IGP Stories

PROCOL Kenya: A radical approach to building sustainable prosperity for Africa

PROCOL Kenya Prosperity Index Africa

“Sustainable prosperity is a global challenge: the world needs alternative social, economic and ecological paradigms and this is nowhere more acute than in Africa. So often marginalised as the recipient rather than provider of knowledge and ideas, Africa and Kenya have the potential to leap-frog old technological dependencies and to tap into the innovation and endeavour apparent across the country, to develop home-grown solutions, inspire others, and to work to co-design new more prosperous futures.”

Dame Professor Henrietta L. Moore, Founding Director, IGP

IGP launches PROCOL Kenya in Nairobi this morning with a call for a radical collaborative approach to building sustainable prosperity for Africa that will generate new ways of working with global relevance.
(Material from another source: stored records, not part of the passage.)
lemma neg_Delta_selfsuff:
  assumes "finite A" "finite R"
    and "\<And>i. i \<in> {1..r} \<Longrightarrow> F i \<subseteq> A \<and> selfsuff A R (F i)"
  defines "U \<equiv> \<Union>(F ` {1..r})"
  shows "- Delta A R r F = delta R U - dim A R U + int (rho R r F)"
proof -
  have dim_FS: "dim A R (\<Inter>(F ` S)) = delta R (\<Inter>(F ` S))"
    if "S \<subseteq> {1..r}" "S \<noteq> {}" for S
  proof -
    have "finite S" using that(1) finite_subset by blast
    then have "selfsuff A R (\<Inter>(F ` S))"
      using selfsuff_Inter[OF assms(1,2) _ that(2)] assms(3) that(1) by blast
    moreover have "\<Inter>(F ` S) \<subseteq> A" using assms(3) that by blast
    ultimately show ?thesis using selfsuff_iff_dim_eq_delta[OF assms(1)] by blast
  qed
  have "(\<Sum>S | S \<subseteq> {1..r} \<and> S \<noteq> {}. (-1) ^ (card S + 1) * dim A R (\<Inter>(F ` S)))
      = (\<Sum>S | S \<subseteq> {1..r} \<and> S \<noteq> {}. (-1) ^ (card S + 1) * delta R (\<Inter>(F ` S)))"
    using dim_FS by (intro sum.cong) auto
  then have "Delta A R r F = dim A R U
      - (\<Sum>S | S \<subseteq> {1..r} \<and> S \<noteq> {}. (-1) ^ (card S + 1) * delta R (\<Inter>(F ` S)))"
    unfolding Delta_split U_def by simp
  also have "\<dots> = dim A R U - (int (card U) - int (card (\<Union>i\<in>{1..r}. Rof R (F i))))"
    unfolding U_def using delta_incl_excl[OF assms(1,2), of "{1..r}" F] assms(3) by simp
  finally show ?thesis
    unfolding rho_eq[OF assms(2)] delta_def U_def by simp
qed

theorem mainTheorem7:
  fixes A :: "'a set" and R :: "'a set set" and r :: nat and F :: "nat \<Rightarrow> 'a set"
  assumes "inC A R"
    and "r \<ge> 1"
    and "\<forall>i\<in>{1..r}. closed_set A R (F i)"
    and "inj_on F {1..r}"
  defines "U \<equiv> \<Union>i\<in>{1..r}. F i"
  shows "- Delta A R r F = delta R U - dim A R U + int (rho R r F)
     \<and> Delta A R r F \<le> 0
     \<and> (Delta A R r F = 0 \<longleftrightarrow>
          (selfsuff A R U \<and> (\<forall>s\<in>R. s \<subseteq> U \<longrightarrow> (\<exists>i\<in>{1..r}. s \<subseteq> F i))))"
proof -
  have fA: "finite A" using assms(1) unfolding inC_def by blast
  have fR: "finite R" using inC_finite_R[OF assms(1)] .
  have Fi: "F i \<subseteq> A \<and> selfsuff A R (F i)" if "i \<in> {1..r}" for i
    using assms(3) closed_imp_selfsuff[OF fA] that unfolding closed_set_def by blast
  have UA: "U \<subseteq> A" using Fi unfolding U_def by blast
  have formula: "- Delta A R r F = delta R U - dim A R U + int (rho R r F)"
    using neg_Delta_selfsuff[of A R r F] fA fR Fi unfolding U_def by blast
  have dim_U: "dim A R U \<le> delta R U" using dim_le_delta[OF fA order_refl UA] .
  have rho_0: "rho R r F = 0 \<longleftrightarrow> (\<forall>s\<in>R. s \<subseteq> U \<longrightarrow> (\<exists>i\<in>{1..r}. s \<subseteq> F i))"
    using fR unfolding rho_def U_def by auto
  show ?thesis
    using formula dim_U rho_0 selfsuff_iff_dim_eq_delta[OF fA UA, of R] by linarith
qed

end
PROCOL Kenya’s model for transformative change is based on two fundamental principles: one, recognising that future prosperity must focus on new ways of living, new systems and new institutions - not fixing or optimising the current unsustainable system; and two, that prosperity takes different forms in different places and for different people, and new solutions must be co-designed with communities based on local understandings and knowledge of challenges and solutions.
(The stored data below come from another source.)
definition TV_rows :: "(nat \<times> nat \<Rightarrow> real) \<Rightarrow> nat set \<Rightarrow> nat set \<Rightarrow> real" where
  "TV_rows \<theta> R C = (\<Sum>i\<in>R. \<Sum>j\<in>{j\<in>C. Suc j \<in> C}. \<bar>\<theta> (i, Suc j) - \<theta> (i, j)\<bar>)"

definition TV_cols :: "(nat \<times> nat \<Rightarrow> real) \<Rightarrow> nat set \<Rightarrow> nat set \<Rightarrow> real" where
  "TV_cols \<theta> R C = (\<Sum>j\<in>C. \<Sum>i\<in>{i\<in>R. Suc i \<in> R}. \<bar>\<theta> (Suc i, j) - \<theta> (i, j)\<bar>)"

definition TV_rect :: "(nat \<times> nat \<Rightarrow> real) \<Rightarrow> nat set \<Rightarrow> nat set \<Rightarrow> real" where
  "TV_rect \<theta> R C = TV_rows \<theta> R C + TV_cols \<theta> R C"

lemma TV_rows_nonneg: "TV_rows \<theta> R C \<ge> 0"
  unfolding TV_rows_def by (intro sum_nonneg) auto

lemma TV_cols_nonneg: "TV_cols \<theta> R C \<ge> 0"
  unfolding TV_cols_def by (intro sum_nonneg) auto

lemma TV_rect_nonneg: "TV_rect \<theta> R C \<ge> 0"
  by (simp add: TV_rect_def TV_rows_nonneg TV_cols_nonneg)

lemma TV_eq_TV_rect: "TV m n \<theta> = TV_rect \<theta> {..<m} {..<n}"
proof -
  have "{j. j + 1 < n} = {j \<in> {..<n}. Suc j \<in> {..<n}}" "{i. i + 1 < m} = {i \<in> {..<m}. Suc i \<in> {..<m}}"
    by auto
  then show ?thesis
    unfolding TV_def TV_rect_def TV_rows_def TV_cols_def by (simp add: sum.swap[of _ "{..<n}"])
qed

lemma abs_diff_le_sum_increments:
  fixes f :: "nat \<Rightarrow> real"
  assumes "j \<le> j'"
  shows "\<bar>f j' - f j\<bar> \<le> (\<Sum>l\<in>{j..<j'}. \<bar>f (Suc l) - f l\<bar>)"
  using assms
proof (induction j' rule: dec_induct)
  case (step l)
  have "\<bar>f (Suc l) - f j\<bar> \<le> \<bar>f (Suc l) - f l\<bar> + \<bar>f l - f j\<bar>"
    by linarith
  with step show ?case
    by simp
qed simp

lemma abs_diff_le_interval_variation:
  fixes f :: "nat \<Rightarrow> real"
  assumes "j \<in> {x..<y}" "j' \<in> {x..<y}"
  shows "\<bar>f j - f j'\<bar> \<le> (\<Sum>l\<in>{l\<in>{x..<y}. Suc l \<in> {x..<y}}. \<bar>f (Suc l) - f l\<bar>)"
proof -
  have ordered: "\<bar>f v - f u\<bar> \<le> (\<Sum>l\<in>{l\<in>{x..<y}. Suc l \<in> {x..<y}}. \<bar>f (Suc l) - f l\<bar>)"
    if "u \<le> v" "u \<in> {x..<y}" "v \<in> {x..<y}" for u v
  proof -
    have "\<bar>f v - f u\<bar> \<le> (\<Sum>l\<in>{u..<v}. \<bar>f (Suc l) - f l\<bar>)"
      by (rule abs_diff_le_sum_increments[OF that(1)])
    also have "\<dots> \<le> (\<Sum>l\<in>{l\<in>{x..<y}. Suc l \<in> {x..<y}}. \<bar>f (Suc l) - f l\<bar>)"
      using that by (intro sum_mono2) auto
    finally show ?thesis .
  qed
  show ?thesis
  proof (cases "j \<le> j'")
    case True
    then show ?thesis
      using ordered[of j j'] assms by (simp add: abs_minus_commute)
  next
    case False
    then show ?thesis
      using ordered[of j' j] assms by simp
  qed
qed

text \<open>A discrete Poincare inequality: pass from \<open>(i, j)\<close> to \<open>(i, j')\<close> along a row and then
  to \<open>(i', j')\<close> along a column, and average over \<open>(i, j) \<in> R' \<times> C'\<close> and \<open>(i', j') \<in> R \<times> C\<close>.\<close>
lemma abs_mean_on_subrectangle_diff_le:
  assumes R: "R = {x1..<y1}" and C: "C = {x2..<y2}" and sub: "R' \<subseteq> R" "C' \<subseteq> C"
    and ne: "R' \<noteq> {}" "C' \<noteq> {}"
  shows "\<bar>mean_on \<theta> (R' \<times> C') - mean_on \<theta> (R \<times> C)\<bar>
           \<le> TV_rows \<theta> R C / real (card R') + TV_cols \<theta> R C / real (card C)"
proof -
  define H where "H i = (\<Sum>j\<in>{j\<in>C. Suc j \<in> C}. \<bar>\<theta> (i, Suc j) - \<theta> (i, j)\<bar>)" for i
  define V where "V j = (\<Sum>i\<in>{i\<in>R. Suc i \<in> R}. \<bar>\<theta> (Suc i, j) - \<theta> (i, j)\<bar>)" for j
  have fin: "finite R" "finite C" "finite R'" "finite C'"
    using R C sub finite_subset by auto
  have path: "\<bar>\<theta> b - \<theta> q\<bar> \<le> H (fst b) + V (snd q)" if "b \<in> R' \<times> C'" "q \<in> R \<times> C" for b q
  proof -
    obtain i j i' j' where b: "b = (i, j)" and q: "q = (i', j')"
      by force
    have "\<bar>\<theta> (i, j) - \<theta> (i, j')\<bar> \<le> H i"
      unfolding H_def using abs_diff_le_interval_variation[of j x2 y2 j' "\<lambda>l. \<theta> (i, l)"] that sub C b q
      by auto
    moreover have "\<bar>\<theta> (i, j') - \<theta> (i', j')\<bar> \<le> V j'"
      unfolding V_def using abs_diff_le_interval_variation[of i x1 y1 i' "\<lambda>l. \<theta> (l, j')"] that sub R b q
      by auto
    ultimately show ?thesis
      by (simp add: b q)
  qed
  have "\<bar>mean_on \<theta> (R' \<times> C') - mean_on \<theta> (R \<times> C)\<bar>
      \<le> mean_on (\<lambda>b. H (fst b)) (R' \<times> C') + mean_on (\<lambda>q. V (snd q)) (R \<times> C)"
    using fin ne sub path by (intro abs_mean_on_diff_le) auto
  also have "mean_on (\<lambda>b. H (fst b)) (R' \<times> C') = sum H R' / real (card R')"
    using fin ne by (simp add: mean_on_def sum.cartesian_product' card_cartesian_product flip: sum_distrib_left)
  also have "mean_on (\<lambda>q. V (snd q)) (R \<times> C) = TV_cols \<theta> R C / real (card C)"
    using fin ne sub
    by (simp add: mean_on_def sum.cartesian_product' card_cartesian_product TV_cols_def V_def
        sum.swap[of _ R] flip: sum_distrib_left)
  also have "sum H R' \<le> TV_rows \<theta> R C"
    unfolding TV_rows_def H_def[symmetric] using fin sub by (intro sum_mono2) (auto simp: H_def)
  finally show ?thesis
    by (simp add: divide_right_mono)
qed

lemma sqrt_mult_le_of_ratio:
  fixes h w L :: real
  assumes "0 \<le> h" "w \<le> L * h" "1 \<le> L"
  shows "sqrt (h * w) \<le> L * h"
proof (rule real_le_lsqrt)
  have "L \<le> L * L"
    using assms(3) mult_right_mono[of 1 L L] by simp
  then have "h * (L * h) \<le> (L * L) * (h * h)"
    using assms(1) mult_right_mono[of L "L * L" "h * h"] by (simp add: mult_ac)
  then show "h * w \<le> (L * h)\<^sup>2"
    using mult_left_mono[OF assms(2,1)] by (simp add: power2_eq_square mult_ac)
qed (use assms in auto)

text \<open>For aspect ratio at most \<open>L\<close>, the factor \<open>sqrt |R' \<times> C'|\<close> from normalizing the Gaussian sum
  cancels the denominators of the Poincare inequality up to \<open>L\<close>.\<close>
lemma abs_sum_mult_mean_increment_le:
  assumes R: "R = {x1..<y1}" and C: "C = {x2..<y2}" and sub: "R' \<subseteq> R" "C' \<subseteq> C"
    and ne: "R' \<noteq> {}" "C' \<noteq> {}" and L: "1 \<le> L"
    and ratio: "real (card C') \<le> L * real (card R')" "real (card R') \<le> L * real (card C')"
  shows "\<bar>sum Z (R' \<times> C') * (mean_on \<theta> (R' \<times> C') - mean_on \<theta> (R \<times> C))\<bar>
           \<le> \<bar>normalized_sum (R' \<times> C') Z\<bar> * L * TV_rect \<theta> R C"
proof -
  define h w where "h = real (card R')" and "w = real (card C')"
  have fin: "finite R'" "finite C'"
    using sub R C finite_subset by auto
  have pos: "h > 0" "w > 0"
    using fin ne by (simp_all add: h_def w_def card_gt_0_iff)
  have w_le: "w \<le> real (card C)"
    using card_mono[of C C'] sub(2) C by (simp add: w_def)
  have row_factor: "sqrt (h * w) / h \<le> L"
    using sqrt_mult_le_of_ratio[of h w L] pos ratio L by (simp add: h_def w_def divide_le_eq)
  have "sqrt (h * w) \<le> L * w"
    using sqrt_mult_le_of_ratio[of w h L] pos ratio L by (simp add: h_def w_def mult.commute)
  also have "\<dots> \<le> L * real (card C)"
    using w_le L by (intro mult_left_mono) auto
  finally have col_factor: "sqrt (h * w) / real (card C) \<le> L"
    using pos w_le by (simp add: divide_le_eq)
  have "sqrt (h * w) * \<bar>mean_on \<theta> (R' \<times> C') - mean_on \<theta> (R \<times> C)\<bar>
      \<le> sqrt (h * w) * (TV_rows \<theta> R C / h + TV_cols \<theta> R C / real (card C))"
    using abs_mean_on_subrectangle_diff_le[OF R C sub ne, of \<theta>] pos
    by (intro mult_left_mono) (simp_all add: h_def)
  then have poincare: "sqrt (h * w) * \<bar>mean_on \<theta> (R' \<times> C') - mean_on \<theta> (R \<times> C)\<bar>
      \<le> sqrt (h * w) / h * TV_rows \<theta> R C + sqrt (h * w) / real (card C) * TV_cols \<theta> R C"
    by (simp add: distrib_left)
  have "sum Z (R' \<times> C') = normalized_sum (R' \<times> C') Z * sqrt (h * w)"
    using pos by (simp add: normalized_sum_def h_def w_def card_cartesian_product)
  then have "\<bar>sum Z (R' \<times> C') * (mean_on \<theta> (R' \<times> C') - mean_on \<theta> (R \<times> C))\<bar>
      = \<bar>normalized_sum (R' \<times> C') Z\<bar> * (sqrt (h * w) * \<bar>mean_on \<theta> (R' \<times> C') - mean_on \<theta> (R \<times> C)\<bar>)"
    using pos by (simp add: abs_mult)
  also have "\<dots> \<le> \<bar>normalized_sum (R' \<times> C') Z\<bar>
      * (sqrt (h * w) / h * TV_rows \<theta> R C + sqrt (h * w) / real (card C) * TV_cols \<theta> R C)"
    using poincare by (intro mult_left_mono) auto
  also have "\<dots> \<le> \<bar>normalized_sum (R' \<times> C') Z\<bar> * (L * TV_rows \<theta> R C + L * TV_cols \<theta> R C)"
    using row_factor col_factor TV_rows_nonneg TV_cols_nonneg
    by (intro mult_left_mono add_mono mult_right_mono) auto
  finally show ?thesis
    by (simp add: TV_rect_def algebra_simps)
qed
This morning Dame Professor Henrietta L. Moore, Founding Director of the IGP, announced a commitment to build a new Prosperity Index for Kenya - based on alternative prosperity metrics that are co-designed with Kenya communities to reflect local conditions and priorities. This work is already underway in Nairobi and Elgeyo-Marakwet County and will bring a diversity of voices and perspectives to the design of practical projects, policy and efforts to measure changes to prosperity over time.

Professor Henrietta Moore opens the launch.
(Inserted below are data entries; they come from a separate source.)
text \<open>The entry \<open>(i, j)\<close> is the \<open>(j, i)\<close> cofactor; cyclic indices make the signs automatic.\<close>
definition adj3 :: "mat3 \<Rightarrow> mat3" where
  "adj3 M = (\<lambda>i j. M ((j + 1) mod 3) ((i + 1) mod 3) * M ((j + 2) mod 3) ((i + 2) mod 3)
                 - M ((j + 1) mod 3) ((i + 2) mod 3) * M ((j + 2) mod 3) ((i + 1) mod 3))"

lemma sum_lessThan_3: "(\<Sum>k<(3::nat). f k) = f 0 + f 1 + (f 2 :: real)"
  by (simp add: eval_nat_numeral)

lemma mvec_mmul: "mvec (mmul A B) x = mvec A (mvec B x)"
  by (cases x) (simp add: mvec_def mmul_def sum_lessThan_3 algebra_simps)

lemma mvec_scaleR: "mvec M (c *\<^sub>R x) = c *\<^sub>R mvec M x"
  by (cases x) (simp add: mvec_def algebra_simps)

lemma mvec_mid: "mvec mid x = x"
  by (cases x) (simp add: mvec_def mid_def)

lemma det3_mmul: "det3 (mmul A B) = det3 A * det3 B"
  unfolding det3_def mmul_def sum_lessThan_3 by (simp add: algebra_simps)

lemma mvec_adj3_mvec: "mvec (adj3 M) (mvec M x) = det3 M *\<^sub>R x"
  by (cases x) (simp add: mvec_def adj3_def det3_def numeral_2_eq_2 algebra_simps)

lemma mvec_mvec_adj3: "mvec M (mvec (adj3 M) x) = det3 M *\<^sub>R x"
  by (cases x) (simp add: mvec_def adj3_def det3_def numeral_2_eq_2 algebra_simps)

lemma inner_mvec_transpose3: "inner (mvec (transpose3 M) w) x = inner w (mvec M x)"
  by (cases w; cases x) (simp add: mvec_def transpose3_def algebra_simps)

definition rat_indep :: "real \<times> real \<times> real \<Rightarrow> bool" where
  "rat_indep u \<longleftrightarrow> (\<forall>w \<in> \<rat> \<times> \<rat> \<times> \<rat>. inner w u = 0 \<longrightarrow> w = 0)"

lemma rat_indep_scaleR_imp: "rat_indep (c *\<^sub>R u) \<Longrightarrow> rat_indep u"
  by (simp add: rat_indep_def)

lemma rat_indep_mvec_imp:
  assumes indep: "rat_indep (mvec M u)"
    and rat: "\<And>i j. i < 3 \<Longrightarrow> j < 3 \<Longrightarrow> M i j \<in> \<rat>" and det: "det3 M \<noteq> 0"
  shows "rat_indep u"
  unfolding rat_indep_def
proof (intro ballI impI)
  fix w assume w: "w \<in> \<rat> \<times> \<rat> \<times> \<rat>" and wu: "inner w u = 0"
  define v where "v = mvec (transpose3 (adj3 M)) w"
  have v_inner: "inner v (mvec M x) = det3 M * inner w x" for x
    by (simp add: v_def inner_mvec_transpose3 mvec_adj3_mvec)
  have "v \<in> \<rat> \<times> \<rat> \<times> \<rat>"
    using w rat[of 0 0] rat[of 0 1] rat[of 0 2] rat[of 1 0] rat[of 1 1] rat[of 1 2]
      rat[of 2 0] rat[of 2 1] rat[of 2 2]
    by (cases w) (auto simp: v_def mvec_def transpose3_def adj3_def numeral_2_eq_2)
  with indep have "inner v (mvec M u) = 0 \<longrightarrow> v = 0"
    unfolding rat_indep_def by blast
  with v_inner[of u] wu have "v = 0" by simp
  with v_inner[of w] det show "w = 0" by simp
qed

lemma Amat_Rats: "i < 3 \<Longrightarrow> j < 3 \<Longrightarrow> Amat e i j \<in> \<rat>"
  by (auto simp: Amat_def mat3_def less_Suc_eq numeral_3_eq_3)

lemma det3_Amat: "det3 (Amat e) = 1"
  by (simp add: Amat_def det3_def mat3_def)

definition homog :: "real \<times> real \<Rightarrow> real \<times> real \<times> real" where
  "homog p = (1, fst p, snd p)"

definition Delta :: "(real \<times> real) set" where
  "Delta = {(x, y). 0 \<le> x \<and> 0 \<le> y \<and> x + y \<le> 1}"

lemma rat_indep_Delta_imp_interior:
  assumes "rat_indep (homog (x, y))" "(x, y) \<in> Delta"
  shows "0 < x" "0 < y" "x + y < 1"
proof -
  have "inner w (homog (x, y)) \<noteq> 0" if "w \<in> \<rat> \<times> \<rat> \<times> \<rat>" "w \<noteq> 0" for w
    using assms(1) that by (auto simp: rat_indep_def)
  from this[of "(0, 1, 0)"] this[of "(0, 0, 1)"] this[of "(-1, 1, 1)"] assms(2)
  show "0 < x" "0 < y" "x + y < 1" by (auto simp: homog_def Delta_def zero_prod_def)
qed

lemma Tmap_homog:
  assumes "(x, y) \<in> tri e" "0 < x" "0 < y" "x + y < 1"
  shows "Tmap e (x, y) \<in> Delta"
    and "\<exists>d>0. homog (x, y) = d *\<^sub>R mvec (Amat e) (homog (Tmap e (x, y)))"
proof -
  have "e \<in> {(1,2), (2,1), (0,1), (1,0), (0,2), (2,0)}"
    using assms(1) by (auto simp: tri_def split: if_splits)
  then show "Tmap e (x, y) \<in> Delta"
    using assms by (auto simp: tri_def Tmap_def Delta_def divide_simps)
  \<comment> \<open>the denominator of \<open>Tmap e\<close>\<close>
  define d where "d = (if e \<in> {(1,2), (0,2)} then 1 - y else if e \<in> {(2,1), (0,1)} then 1 - x else x + y)"
  have "d > 0" using assms by (auto simp: d_def)
  moreover have "homog (x, y) = d *\<^sub>R mvec (Amat e) (homog (Tmap e (x, y)))"
    using \<open>e \<in> _\<close> assms
    by (auto simp: d_def Tmap_def Amat_def mat3_def homog_def mvec_def divide_simps)
  ultimately show "\<exists>d>0. homog (x, y) = d *\<^sub>R mvec (Amat e) (homog (Tmap e (x, y)))" by blast
qed

lemma eps_in_tri: "(x, y) \<in> Delta \<Longrightarrow> (x, y) \<in> tri (eps \<theta> r (x, y))"
  unfolding eps_def Let_def by (auto simp: tri_def Delta_def)

lemma T_step:
  assumes "p \<in> Delta" "rat_indep (homog p)"
  shows "T \<theta> r p \<in> Delta" "rat_indep (homog (T \<theta> r p))"
    and "\<exists>d>0. homog p = d *\<^sub>R mvec (Amat (eps \<theta> r p)) (homog (T \<theta> r p))"
proof -
  obtain x y where p: "p = (x, y)" by fastforce
  have xy: "0 < x" "0 < y" "x + y < 1"
    using rat_indep_Delta_imp_interior assms unfolding p by blast+
  note step = Tmap_homog[OF eps_in_tri xy, folded T_def p]
  show "T \<theta> r p \<in> Delta" using assms(1) step(1) by (simp add: p)
  show "\<exists>d>0. homog p = d *\<^sub>R mvec (Amat (eps \<theta> r p)) (homog (T \<theta> r p))"
    using assms(1) step(2) by (simp add: p)
  then obtain d where "homog p = d *\<^sub>R mvec (Amat (eps \<theta> r p)) (homog (T \<theta> r p))" by blast
  with assms(2) have "rat_indep (mvec (Amat (eps \<theta> r p)) (homog (T \<theta> r p)))"
    using rat_indep_scaleR_imp by metis
  then show "rat_indep (homog (T \<theta> r p))"
    by (rule rat_indep_mvec_imp) (simp_all add: Amat_Rats det3_Amat)
qed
What is a Prosperity Co-Lab?

IGP’s Prosperity Co-Labs are spaces for long-term collective thinking and action on the major social, environmental and economic challenges facing societies. PROCOL Kenya will combine cutting edge social and natural science research facilitated by leading Kenya, UK and other academics, that is co-designed with these communities and other stake-holders including policy makers, NGOs and businesses. PROCOL Kenya will make use of leading scientific resources such as earth observation, new forms of open access data and AI, combining these with the unique citizen-led citizen science research.

Long-term collaborative partnerships will be critical – PROCOL Kenya aims to work with county governments, national ministries and major organisations working towards sustainable and resilient livelihoods, communities and ecologies. We recognise that generating sustainable Prosperity will not be a short-term endeavour, but rather an ongoing process.

At the heart of PROCOL Kenya are citizen research teams or citizen scientists. The research generated by these teams focuses on the complex problems and challenges of specific places and investigates the community-based and scientific solutions that are applicable.

New forms of global learning

PROCOL Kenya will prompt new processes of sharing global learning that focus on the transfer of ideas, knowledge and technology from Kenya to the global north, as well as to other African countries.

“London has as much to learn from Nairobi as Nairobi has to learn from London,” says Professor Moore.

The Institute for Global Prosperity works across the world and has begun to develop Prosperity Co-Labs in London and Lebanon and we are developing new conversations and metrics of prosperity in many other places.